> Provided entries:
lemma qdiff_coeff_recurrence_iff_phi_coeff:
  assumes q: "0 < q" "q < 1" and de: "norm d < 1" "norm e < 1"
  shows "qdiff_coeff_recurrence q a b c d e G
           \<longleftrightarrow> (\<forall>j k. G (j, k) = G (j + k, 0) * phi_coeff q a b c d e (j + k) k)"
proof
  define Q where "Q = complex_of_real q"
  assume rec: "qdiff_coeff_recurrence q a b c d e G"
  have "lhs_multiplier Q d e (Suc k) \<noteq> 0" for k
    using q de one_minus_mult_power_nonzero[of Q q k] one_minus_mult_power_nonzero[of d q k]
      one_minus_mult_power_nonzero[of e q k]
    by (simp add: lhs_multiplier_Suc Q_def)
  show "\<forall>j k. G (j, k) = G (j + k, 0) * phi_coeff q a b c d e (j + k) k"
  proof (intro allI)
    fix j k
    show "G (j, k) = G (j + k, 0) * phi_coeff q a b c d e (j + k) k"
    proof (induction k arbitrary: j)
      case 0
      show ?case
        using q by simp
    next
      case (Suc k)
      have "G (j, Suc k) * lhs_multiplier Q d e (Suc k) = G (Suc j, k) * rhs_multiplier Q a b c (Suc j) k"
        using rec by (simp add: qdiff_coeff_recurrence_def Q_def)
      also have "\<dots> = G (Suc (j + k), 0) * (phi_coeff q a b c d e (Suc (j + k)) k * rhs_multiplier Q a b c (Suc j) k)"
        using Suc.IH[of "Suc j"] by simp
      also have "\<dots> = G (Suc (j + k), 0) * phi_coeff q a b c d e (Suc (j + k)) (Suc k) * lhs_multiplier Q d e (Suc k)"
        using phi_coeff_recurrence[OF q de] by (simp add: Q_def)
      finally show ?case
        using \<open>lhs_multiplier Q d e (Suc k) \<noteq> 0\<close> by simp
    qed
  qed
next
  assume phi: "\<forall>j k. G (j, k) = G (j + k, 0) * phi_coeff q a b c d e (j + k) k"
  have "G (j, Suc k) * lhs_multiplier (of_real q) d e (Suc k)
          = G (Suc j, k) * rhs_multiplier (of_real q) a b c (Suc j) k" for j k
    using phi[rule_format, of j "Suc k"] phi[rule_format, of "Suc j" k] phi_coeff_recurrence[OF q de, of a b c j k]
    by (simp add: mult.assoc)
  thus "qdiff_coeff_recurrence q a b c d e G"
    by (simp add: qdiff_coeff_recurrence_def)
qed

==

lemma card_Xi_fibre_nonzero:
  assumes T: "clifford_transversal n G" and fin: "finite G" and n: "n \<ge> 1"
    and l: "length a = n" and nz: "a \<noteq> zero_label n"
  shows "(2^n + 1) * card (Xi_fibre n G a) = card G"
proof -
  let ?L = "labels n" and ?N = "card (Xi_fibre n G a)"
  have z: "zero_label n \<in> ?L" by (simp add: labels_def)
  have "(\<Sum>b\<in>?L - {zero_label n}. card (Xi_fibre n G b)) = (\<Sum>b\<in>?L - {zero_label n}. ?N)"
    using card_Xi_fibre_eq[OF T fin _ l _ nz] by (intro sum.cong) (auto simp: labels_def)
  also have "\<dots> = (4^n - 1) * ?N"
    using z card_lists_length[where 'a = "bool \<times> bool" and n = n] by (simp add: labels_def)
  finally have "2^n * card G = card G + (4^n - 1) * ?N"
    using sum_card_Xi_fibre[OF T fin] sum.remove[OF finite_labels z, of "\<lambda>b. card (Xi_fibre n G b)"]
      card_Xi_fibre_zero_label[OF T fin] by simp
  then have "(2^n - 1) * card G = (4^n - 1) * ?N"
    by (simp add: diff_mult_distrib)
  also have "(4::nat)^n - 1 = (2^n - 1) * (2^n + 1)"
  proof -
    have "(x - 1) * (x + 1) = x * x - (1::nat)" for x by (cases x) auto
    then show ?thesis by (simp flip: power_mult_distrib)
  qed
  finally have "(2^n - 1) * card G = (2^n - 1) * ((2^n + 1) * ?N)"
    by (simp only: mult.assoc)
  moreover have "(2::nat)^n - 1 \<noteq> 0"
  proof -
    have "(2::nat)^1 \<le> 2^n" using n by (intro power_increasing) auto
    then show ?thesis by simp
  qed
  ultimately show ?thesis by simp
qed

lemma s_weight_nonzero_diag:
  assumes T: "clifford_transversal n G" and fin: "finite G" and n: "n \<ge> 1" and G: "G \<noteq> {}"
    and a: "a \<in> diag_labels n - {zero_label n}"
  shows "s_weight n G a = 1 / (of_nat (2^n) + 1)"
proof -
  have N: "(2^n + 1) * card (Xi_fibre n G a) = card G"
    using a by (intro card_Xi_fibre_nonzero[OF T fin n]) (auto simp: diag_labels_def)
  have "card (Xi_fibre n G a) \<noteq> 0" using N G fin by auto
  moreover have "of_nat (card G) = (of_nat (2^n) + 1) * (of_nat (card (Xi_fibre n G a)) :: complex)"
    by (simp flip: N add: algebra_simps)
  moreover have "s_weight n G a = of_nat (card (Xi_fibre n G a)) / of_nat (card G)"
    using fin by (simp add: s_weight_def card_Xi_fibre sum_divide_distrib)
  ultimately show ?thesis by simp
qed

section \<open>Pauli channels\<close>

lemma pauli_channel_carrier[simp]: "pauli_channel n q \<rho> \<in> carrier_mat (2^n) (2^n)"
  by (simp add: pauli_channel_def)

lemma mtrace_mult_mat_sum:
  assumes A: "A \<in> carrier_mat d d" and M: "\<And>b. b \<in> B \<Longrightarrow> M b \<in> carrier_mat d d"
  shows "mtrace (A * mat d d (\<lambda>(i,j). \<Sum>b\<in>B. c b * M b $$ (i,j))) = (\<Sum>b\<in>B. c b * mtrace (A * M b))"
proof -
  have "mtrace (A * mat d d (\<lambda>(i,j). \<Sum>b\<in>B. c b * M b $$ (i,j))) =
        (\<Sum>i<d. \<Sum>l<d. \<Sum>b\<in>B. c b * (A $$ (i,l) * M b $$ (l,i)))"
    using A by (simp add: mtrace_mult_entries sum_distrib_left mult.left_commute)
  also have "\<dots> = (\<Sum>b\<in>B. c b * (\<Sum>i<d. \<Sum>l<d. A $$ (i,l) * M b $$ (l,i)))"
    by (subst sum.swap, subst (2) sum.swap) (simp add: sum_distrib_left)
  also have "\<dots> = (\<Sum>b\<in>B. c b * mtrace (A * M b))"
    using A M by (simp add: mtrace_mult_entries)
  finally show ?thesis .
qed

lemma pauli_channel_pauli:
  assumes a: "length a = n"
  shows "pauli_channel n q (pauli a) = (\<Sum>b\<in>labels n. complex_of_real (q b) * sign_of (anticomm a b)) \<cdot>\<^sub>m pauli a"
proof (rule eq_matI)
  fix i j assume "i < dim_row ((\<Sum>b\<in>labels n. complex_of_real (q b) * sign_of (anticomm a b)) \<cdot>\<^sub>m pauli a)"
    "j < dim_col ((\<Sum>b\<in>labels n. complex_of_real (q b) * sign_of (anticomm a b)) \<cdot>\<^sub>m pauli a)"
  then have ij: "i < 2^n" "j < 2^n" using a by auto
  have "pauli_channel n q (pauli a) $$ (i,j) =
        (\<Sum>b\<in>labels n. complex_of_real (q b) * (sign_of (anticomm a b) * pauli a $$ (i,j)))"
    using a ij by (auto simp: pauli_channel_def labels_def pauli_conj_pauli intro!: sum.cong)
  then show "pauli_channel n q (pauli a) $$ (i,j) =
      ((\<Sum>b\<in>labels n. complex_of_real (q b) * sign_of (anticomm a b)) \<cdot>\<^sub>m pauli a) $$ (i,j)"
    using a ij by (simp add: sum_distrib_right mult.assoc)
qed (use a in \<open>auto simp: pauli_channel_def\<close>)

...

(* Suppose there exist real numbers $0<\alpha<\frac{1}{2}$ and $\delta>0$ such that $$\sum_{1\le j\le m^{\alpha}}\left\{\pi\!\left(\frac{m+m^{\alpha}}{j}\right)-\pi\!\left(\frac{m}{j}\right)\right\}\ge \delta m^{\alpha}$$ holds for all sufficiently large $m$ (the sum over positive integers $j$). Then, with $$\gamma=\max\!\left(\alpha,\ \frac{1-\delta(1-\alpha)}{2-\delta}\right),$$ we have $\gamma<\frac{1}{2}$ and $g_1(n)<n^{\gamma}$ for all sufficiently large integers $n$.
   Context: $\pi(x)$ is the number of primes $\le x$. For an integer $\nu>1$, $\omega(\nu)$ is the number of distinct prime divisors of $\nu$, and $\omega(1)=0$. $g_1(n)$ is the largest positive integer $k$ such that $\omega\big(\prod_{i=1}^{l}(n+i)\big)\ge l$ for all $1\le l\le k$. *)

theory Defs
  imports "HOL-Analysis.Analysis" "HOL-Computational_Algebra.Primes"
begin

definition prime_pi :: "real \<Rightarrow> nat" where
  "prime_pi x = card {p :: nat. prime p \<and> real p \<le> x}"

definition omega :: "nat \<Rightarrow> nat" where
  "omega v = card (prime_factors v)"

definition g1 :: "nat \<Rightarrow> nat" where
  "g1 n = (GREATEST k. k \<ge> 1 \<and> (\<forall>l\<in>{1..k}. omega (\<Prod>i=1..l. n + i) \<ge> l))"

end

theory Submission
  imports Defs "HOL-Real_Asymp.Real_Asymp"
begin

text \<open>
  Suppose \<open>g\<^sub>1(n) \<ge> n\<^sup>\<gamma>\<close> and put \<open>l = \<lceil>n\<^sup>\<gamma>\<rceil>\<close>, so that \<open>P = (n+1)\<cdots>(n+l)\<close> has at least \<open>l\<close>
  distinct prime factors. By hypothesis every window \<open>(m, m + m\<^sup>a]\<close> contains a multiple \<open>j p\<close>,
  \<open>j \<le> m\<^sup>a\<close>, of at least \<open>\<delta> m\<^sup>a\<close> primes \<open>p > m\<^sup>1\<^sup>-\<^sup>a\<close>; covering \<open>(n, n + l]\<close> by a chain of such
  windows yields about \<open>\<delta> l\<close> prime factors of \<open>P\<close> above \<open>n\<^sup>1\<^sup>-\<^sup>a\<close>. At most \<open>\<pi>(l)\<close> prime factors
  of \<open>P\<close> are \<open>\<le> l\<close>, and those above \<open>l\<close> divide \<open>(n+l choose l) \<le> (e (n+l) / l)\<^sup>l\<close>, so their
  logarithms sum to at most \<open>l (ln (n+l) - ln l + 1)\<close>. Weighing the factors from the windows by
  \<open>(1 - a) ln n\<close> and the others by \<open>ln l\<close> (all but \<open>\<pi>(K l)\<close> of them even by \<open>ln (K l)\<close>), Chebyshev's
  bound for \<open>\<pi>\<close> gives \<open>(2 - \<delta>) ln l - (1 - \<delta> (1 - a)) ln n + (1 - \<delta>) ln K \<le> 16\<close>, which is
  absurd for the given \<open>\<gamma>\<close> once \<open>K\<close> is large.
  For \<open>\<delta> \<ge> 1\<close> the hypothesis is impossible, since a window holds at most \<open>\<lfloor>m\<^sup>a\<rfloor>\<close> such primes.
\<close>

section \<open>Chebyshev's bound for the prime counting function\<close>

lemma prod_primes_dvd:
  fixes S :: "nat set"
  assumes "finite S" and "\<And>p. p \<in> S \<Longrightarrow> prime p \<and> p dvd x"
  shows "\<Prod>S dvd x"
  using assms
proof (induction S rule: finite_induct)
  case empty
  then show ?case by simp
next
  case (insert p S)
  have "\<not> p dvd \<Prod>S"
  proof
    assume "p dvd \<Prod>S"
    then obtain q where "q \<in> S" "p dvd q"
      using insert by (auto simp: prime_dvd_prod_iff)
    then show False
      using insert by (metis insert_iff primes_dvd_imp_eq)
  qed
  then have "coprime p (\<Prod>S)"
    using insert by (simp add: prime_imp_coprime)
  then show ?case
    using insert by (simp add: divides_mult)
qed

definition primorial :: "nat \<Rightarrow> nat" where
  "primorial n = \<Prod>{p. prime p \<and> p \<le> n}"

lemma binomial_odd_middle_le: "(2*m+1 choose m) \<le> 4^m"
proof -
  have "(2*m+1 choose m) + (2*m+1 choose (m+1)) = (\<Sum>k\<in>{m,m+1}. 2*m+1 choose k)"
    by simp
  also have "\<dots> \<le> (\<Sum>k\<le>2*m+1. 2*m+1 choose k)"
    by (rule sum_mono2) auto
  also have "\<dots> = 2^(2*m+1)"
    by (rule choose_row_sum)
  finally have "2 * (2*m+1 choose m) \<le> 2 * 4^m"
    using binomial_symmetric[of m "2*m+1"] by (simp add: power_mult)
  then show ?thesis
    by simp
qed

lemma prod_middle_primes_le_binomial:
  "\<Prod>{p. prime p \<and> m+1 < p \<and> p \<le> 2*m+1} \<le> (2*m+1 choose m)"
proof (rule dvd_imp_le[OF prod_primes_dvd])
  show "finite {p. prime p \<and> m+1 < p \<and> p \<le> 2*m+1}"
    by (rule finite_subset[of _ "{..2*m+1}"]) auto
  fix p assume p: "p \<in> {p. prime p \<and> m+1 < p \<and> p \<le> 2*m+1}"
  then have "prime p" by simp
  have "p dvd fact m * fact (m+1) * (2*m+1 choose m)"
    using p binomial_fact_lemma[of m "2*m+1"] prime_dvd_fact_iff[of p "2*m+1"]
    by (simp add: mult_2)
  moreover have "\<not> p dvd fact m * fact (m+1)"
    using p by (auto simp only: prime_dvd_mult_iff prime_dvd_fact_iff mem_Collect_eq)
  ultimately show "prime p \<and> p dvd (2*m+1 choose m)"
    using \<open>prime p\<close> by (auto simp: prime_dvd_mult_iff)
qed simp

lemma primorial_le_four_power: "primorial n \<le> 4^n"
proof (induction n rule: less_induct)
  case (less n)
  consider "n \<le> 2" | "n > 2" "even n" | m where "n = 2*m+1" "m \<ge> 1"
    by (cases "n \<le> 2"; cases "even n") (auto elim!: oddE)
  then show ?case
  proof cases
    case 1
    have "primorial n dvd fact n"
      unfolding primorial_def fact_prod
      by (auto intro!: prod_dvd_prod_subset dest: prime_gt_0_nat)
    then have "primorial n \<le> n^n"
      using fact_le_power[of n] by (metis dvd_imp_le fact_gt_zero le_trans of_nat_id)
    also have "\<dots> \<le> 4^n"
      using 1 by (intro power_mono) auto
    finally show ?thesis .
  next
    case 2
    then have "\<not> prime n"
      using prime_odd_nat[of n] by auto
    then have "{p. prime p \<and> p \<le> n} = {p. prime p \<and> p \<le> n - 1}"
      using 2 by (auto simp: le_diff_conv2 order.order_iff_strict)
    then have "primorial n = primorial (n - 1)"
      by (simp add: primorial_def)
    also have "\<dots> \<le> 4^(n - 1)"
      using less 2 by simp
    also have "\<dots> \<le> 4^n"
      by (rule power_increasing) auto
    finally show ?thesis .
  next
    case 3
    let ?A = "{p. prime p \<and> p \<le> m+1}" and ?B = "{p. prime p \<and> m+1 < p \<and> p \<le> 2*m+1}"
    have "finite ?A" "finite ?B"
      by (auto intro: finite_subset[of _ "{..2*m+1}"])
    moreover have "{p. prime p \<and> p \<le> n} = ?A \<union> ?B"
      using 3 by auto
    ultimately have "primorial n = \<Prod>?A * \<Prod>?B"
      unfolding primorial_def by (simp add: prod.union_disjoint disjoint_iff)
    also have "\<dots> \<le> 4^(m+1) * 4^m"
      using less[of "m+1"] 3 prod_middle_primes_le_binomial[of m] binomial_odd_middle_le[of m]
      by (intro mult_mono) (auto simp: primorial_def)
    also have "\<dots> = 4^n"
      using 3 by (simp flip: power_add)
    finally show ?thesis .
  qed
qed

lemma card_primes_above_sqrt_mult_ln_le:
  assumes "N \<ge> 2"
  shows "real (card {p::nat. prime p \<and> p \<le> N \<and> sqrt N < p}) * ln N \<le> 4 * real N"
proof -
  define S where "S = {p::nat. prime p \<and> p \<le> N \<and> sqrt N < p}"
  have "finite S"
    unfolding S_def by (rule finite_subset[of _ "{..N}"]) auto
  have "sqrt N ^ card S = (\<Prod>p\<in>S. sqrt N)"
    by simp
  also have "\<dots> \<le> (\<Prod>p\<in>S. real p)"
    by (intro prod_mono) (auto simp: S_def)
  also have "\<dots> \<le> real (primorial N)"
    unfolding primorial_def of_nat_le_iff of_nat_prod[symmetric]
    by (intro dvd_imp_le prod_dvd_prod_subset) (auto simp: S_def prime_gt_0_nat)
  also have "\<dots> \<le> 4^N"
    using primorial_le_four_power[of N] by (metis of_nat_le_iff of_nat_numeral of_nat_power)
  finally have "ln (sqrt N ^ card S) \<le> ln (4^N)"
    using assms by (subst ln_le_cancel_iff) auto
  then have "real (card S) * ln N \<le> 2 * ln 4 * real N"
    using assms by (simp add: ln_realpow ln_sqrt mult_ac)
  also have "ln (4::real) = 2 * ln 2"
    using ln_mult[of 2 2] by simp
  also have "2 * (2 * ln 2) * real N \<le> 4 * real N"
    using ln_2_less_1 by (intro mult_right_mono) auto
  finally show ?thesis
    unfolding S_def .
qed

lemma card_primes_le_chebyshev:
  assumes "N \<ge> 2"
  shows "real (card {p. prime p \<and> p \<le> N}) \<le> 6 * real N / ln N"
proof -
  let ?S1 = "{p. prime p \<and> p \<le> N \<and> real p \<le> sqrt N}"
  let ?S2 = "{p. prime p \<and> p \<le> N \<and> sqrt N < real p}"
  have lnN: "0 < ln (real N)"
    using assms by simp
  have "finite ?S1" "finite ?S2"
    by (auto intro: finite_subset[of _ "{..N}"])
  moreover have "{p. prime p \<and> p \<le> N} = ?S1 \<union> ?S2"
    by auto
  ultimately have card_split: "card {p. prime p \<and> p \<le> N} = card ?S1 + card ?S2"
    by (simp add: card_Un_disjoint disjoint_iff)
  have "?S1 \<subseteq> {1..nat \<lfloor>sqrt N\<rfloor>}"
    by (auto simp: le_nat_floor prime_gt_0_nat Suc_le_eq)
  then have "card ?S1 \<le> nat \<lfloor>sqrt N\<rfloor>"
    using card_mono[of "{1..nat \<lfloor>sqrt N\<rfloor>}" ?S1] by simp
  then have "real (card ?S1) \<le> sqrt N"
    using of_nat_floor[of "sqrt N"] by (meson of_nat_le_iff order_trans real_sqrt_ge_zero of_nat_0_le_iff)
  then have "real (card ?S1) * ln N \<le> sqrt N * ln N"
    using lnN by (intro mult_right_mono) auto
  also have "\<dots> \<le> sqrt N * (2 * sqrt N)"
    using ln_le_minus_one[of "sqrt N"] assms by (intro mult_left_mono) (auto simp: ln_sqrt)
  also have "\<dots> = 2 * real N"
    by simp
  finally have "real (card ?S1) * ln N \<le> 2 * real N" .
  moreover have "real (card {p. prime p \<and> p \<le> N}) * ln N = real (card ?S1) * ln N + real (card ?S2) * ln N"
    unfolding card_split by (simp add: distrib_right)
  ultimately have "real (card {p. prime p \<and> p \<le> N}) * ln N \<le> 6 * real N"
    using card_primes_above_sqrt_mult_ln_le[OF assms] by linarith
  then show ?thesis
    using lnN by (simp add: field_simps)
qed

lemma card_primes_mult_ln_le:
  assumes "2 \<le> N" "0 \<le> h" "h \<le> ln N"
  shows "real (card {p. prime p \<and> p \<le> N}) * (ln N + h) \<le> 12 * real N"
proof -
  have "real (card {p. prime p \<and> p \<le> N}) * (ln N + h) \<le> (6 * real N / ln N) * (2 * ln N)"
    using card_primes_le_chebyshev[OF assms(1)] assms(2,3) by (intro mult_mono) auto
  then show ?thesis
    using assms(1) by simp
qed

> Exercise:
With the line that has "by (rule power_increasing) auto" as the first and the line that has "card S) \<le>" as the last, repeat exactly that run of lines above and no more.

> Finished task:
      by (rule power_increasing) auto
    finally show ?thesis .
  next
    case 3
    let ?A = "{p. prime p \<and> p \<le> m+1}" and ?B = "{p. prime p \<and> m+1 < p \<and> p \<le> 2*m+1}"
    have "finite ?A" "finite ?B"
      by (auto intro: finite_subset[of _ "{..2*m+1}"])
    moreover have "{p. prime p \<and> p \<le> n} = ?A \<union> ?B"
      using 3 by auto
    ultimately have "primorial n = \<Prod>?A * \<Prod>?B"
      unfolding primorial_def by (simp add: prod.union_disjoint disjoint_iff)
    also have "\<dots> \<le> 4^(m+1) * 4^m"
      using less[of "m+1"] 3 prod_middle_primes_le_binomial[of m] binomial_odd_middle_le[of m]
      by (intro mult_mono) (auto simp: primorial_def)
    also have "\<dots> = 4^n"
      using 3 by (simp flip: power_add)
    finally show ?thesis .
  qed
qed

lemma card_primes_above_sqrt_mult_ln_le:
  assumes "N \<ge> 2"
  shows "real (card {p::nat. prime p \<and> p \<le> N \<and> sqrt N < p}) * ln N \<le> 4 * real N"
proof -
  define S where "S = {p::nat. prime p \<and> p \<le> N \<and> sqrt N < p}"
  have "finite S"
    unfolding S_def by (rule finite_subset[of _ "{..N}"]) auto
  have "sqrt N ^ card S = (\<Prod>p\<in>S. sqrt N)"
    by simp
  also have "\<dots> \<le> (\<Prod>p\<in>S. real p)"
    by (intro prod_mono) (auto simp: S_def)
  also have "\<dots> \<le> real (primorial N)"
    unfolding primorial_def of_nat_le_iff of_nat_prod[symmetric]
    by (intro dvd_imp_le prod_dvd_prod_subset) (auto simp: S_def prime_gt_0_nat)
  also have "\<dots> \<le> 4^N"
    using primorial_le_four_power[of N] by (metis of_nat_le_iff of_nat_numeral of_nat_power)
  finally have "ln (sqrt N ^ card S) \<le> ln (4^N)"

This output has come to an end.